**Problem to solve**
I need only the number of lines in this data that contain the string "define".

**Material shown**
lemma root_sum_root_map:
  assumes ss: "ss \<in> JS_nocap a b n"
  shows "root_sum (root_map n ss) k = delta a b n k"
proof -
  define p where "p = root_map n ss"
  have p: "throw_roots n p"
    unfolding p_def using throw_roots_root_map[OF ss] .
  have state: "i \<le> n \<Longrightarrow> ss ! i = state_of_roots a p i" for i
    unfolding p_def using JS_nocap_nth_eq_state_of_roots[OF ss] .
  consider "k = 0" | i where "k = Suc i" "i < n" | "n < k"
    by (metis Suc_le_eq not0_implies_Suc not_le)
  then have "root_sum p k = delta a b n k"
  proof cases
    case 1
    have "size {#x\<in>#p. fst x = 0#} = 0" "size {#x\<in>#p. snd x = 0#} = 0"
      using p by (auto simp: throw_roots_def)
    then show ?thesis
      using 1 by (simp only: root_sum_def delta_def vec_state_def) simp
  next
    case (2 i)
    have "throws ss k = (\<lambda>j. count p (k, k + j))"
      using 2 throws_JS_nocap(1)[OF ss] count_root_map_JS_nocap[OF ss]
      by (auto simp: p_def fun_eq_iff)
    then have "int (\<Sum>j\<in>{j. count p (k, k + j) \<noteq> 0}. count p (k, k + j)) = state_of_roots a p i 1"
      using 2 throws_JS_nocap(3)[OF ss 2(2)] state[of i] by (simp only:)
    moreover have "size {#x\<in>#p. fst x = k#} = (\<Sum>j\<in>{j. count p (k, k + j) \<noteq> 0}. count p (k, k + j))"
      by (rule size_filter_launched_eq_sum_count) (use p in \<open>auto simp: throw_roots_def\<close>)
    ultimately have "int (size {#x\<in>#p. fst x = k#}) = state_of_roots a p i 1"
      by simp
    then show ?thesis
      using 2 state_of_roots_landing[OF p, of 1 i a] by (simp add: root_sum_def delta_def)
  next
    case 3
    have no_launch: "size {#x\<in>#p. fst x = k#} = 0"
      using p 3 by (force simp: throw_roots_def)
    have "ss ! n = vec_state b"
      using ss unfolding JS_nocap_def by auto
    then show ?thesis
      using 3 state[of n] state_of_roots_landing[OF p, of "k - n" n a]
      by (simp add: root_sum_def delta_def no_launch)
  qed
  then show ?thesis
    unfolding p_def .
qed

lemma root_map_in_P_set:
  "ss \<in> JS_nocap a b n \<Longrightarrow> root_map n ss \<in> P_set (Lambda a b n) (delta a b n)"
  by (simp add: P_set_Lambda_iff throw_roots_root_map root_sum_root_map fun_eq_iff)

subsection \<open>Hand capacity\<close>

lemma state_of_roots_capacity_iff:
  assumes p: "throw_roots n p"
  shows "(\<forall>i\<le>n. \<forall>k. state_of_roots a p i k \<le> int m)
           \<longleftrightarrow> (\<forall>j\<ge>1. vec_state a j + int (size {#x\<in>#p. snd x = j#}) \<le> int m)"
proof
  assume cap: "\<forall>i\<le>n. \<forall>k. state_of_roots a p i k \<le> int m"
  show "\<forall>j\<ge>1. vec_state a j + int (size {#x\<in>#p. snd x = j#}) \<le> int m"
  proof (intro allI impI)
    fix j :: nat assume j: "1 \<le> j"
    define i where "i = min (j - 1) n"
    have "i + (j - i) = j" "0 < j - i" "j - i = 1 \<or> n \<le> i"
      using j unfolding i_def by auto
    then have "state_of_roots a p i (j - i) = vec_state a j + int (size {#x\<in>#p. snd x = j#})"
      using state_of_roots_landing[OF p, of "j - i" i a] by simp
    moreover have "state_of_roots a p i (j - i) \<le> int m"
      using cap by (simp add: i_def)
    ultimately show "vec_state a j + int (size {#x\<in>#p. snd x = j#}) \<le> int m"
      by simp
  qed
next
  assume cap: "\<forall>j\<ge>1. vec_state a j + int (size {#x\<in>#p. snd x = j#}) \<le> int m"
  show "\<forall>i\<le>n. \<forall>k. state_of_roots a p i k \<le> int m"
  proof (intro allI impI)
    fix i k :: nat
    have "size {#x\<in>#p. fst x \<le> i \<and> snd x = i + k#} \<le> size {#x\<in>#p. snd x = i + k#}"
      by (rule size_mset_mono, rule filter_mset_mono_strong) auto
    then show "state_of_roots a p i k \<le> int m"
      using cap[rule_format, of "i + k"] by (auto simp: state_of_roots_def)
  qed
qed

lemma bij_betw_root_map_JS_nocap:
  "bij_betw (root_map n) (JS_nocap a b n) (P_set (Lambda a b n) (delta a b n))"
  by (rule bij_betw_byWitness[where f'="seq_of_roots a n"])
     (auto simp: seq_of_roots_root_map root_map_seq_of_roots root_map_in_P_set seq_of_roots_in_JS_nocap)

lemma JS_capacity_iff_Q_set:
  assumes "ss \<in> JS_nocap a b n"
  shows "ss \<in> JS a b n m \<longleftrightarrow> root_map n ss \<in> Q_set a b n m"
proof -
  have "ss \<in> JS a b n m \<longleftrightarrow> (\<forall>i\<le>n. \<forall>k. state_of_roots a (root_map n ss) i k \<le> int m)"
    using assms JS_nocap_nth_eq_state_of_roots[OF assms] by (simp add: JS_def)
  also have "\<dots> \<longleftrightarrow> root_map n ss \<in> Q_set a b n m"
    using state_of_roots_capacity_iff[OF throw_roots_root_map[OF assms]] root_map_in_P_set[OF assms]
    by (simp add: Q_set_def)
  finally show ?thesis .
qed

**Output for this task**
2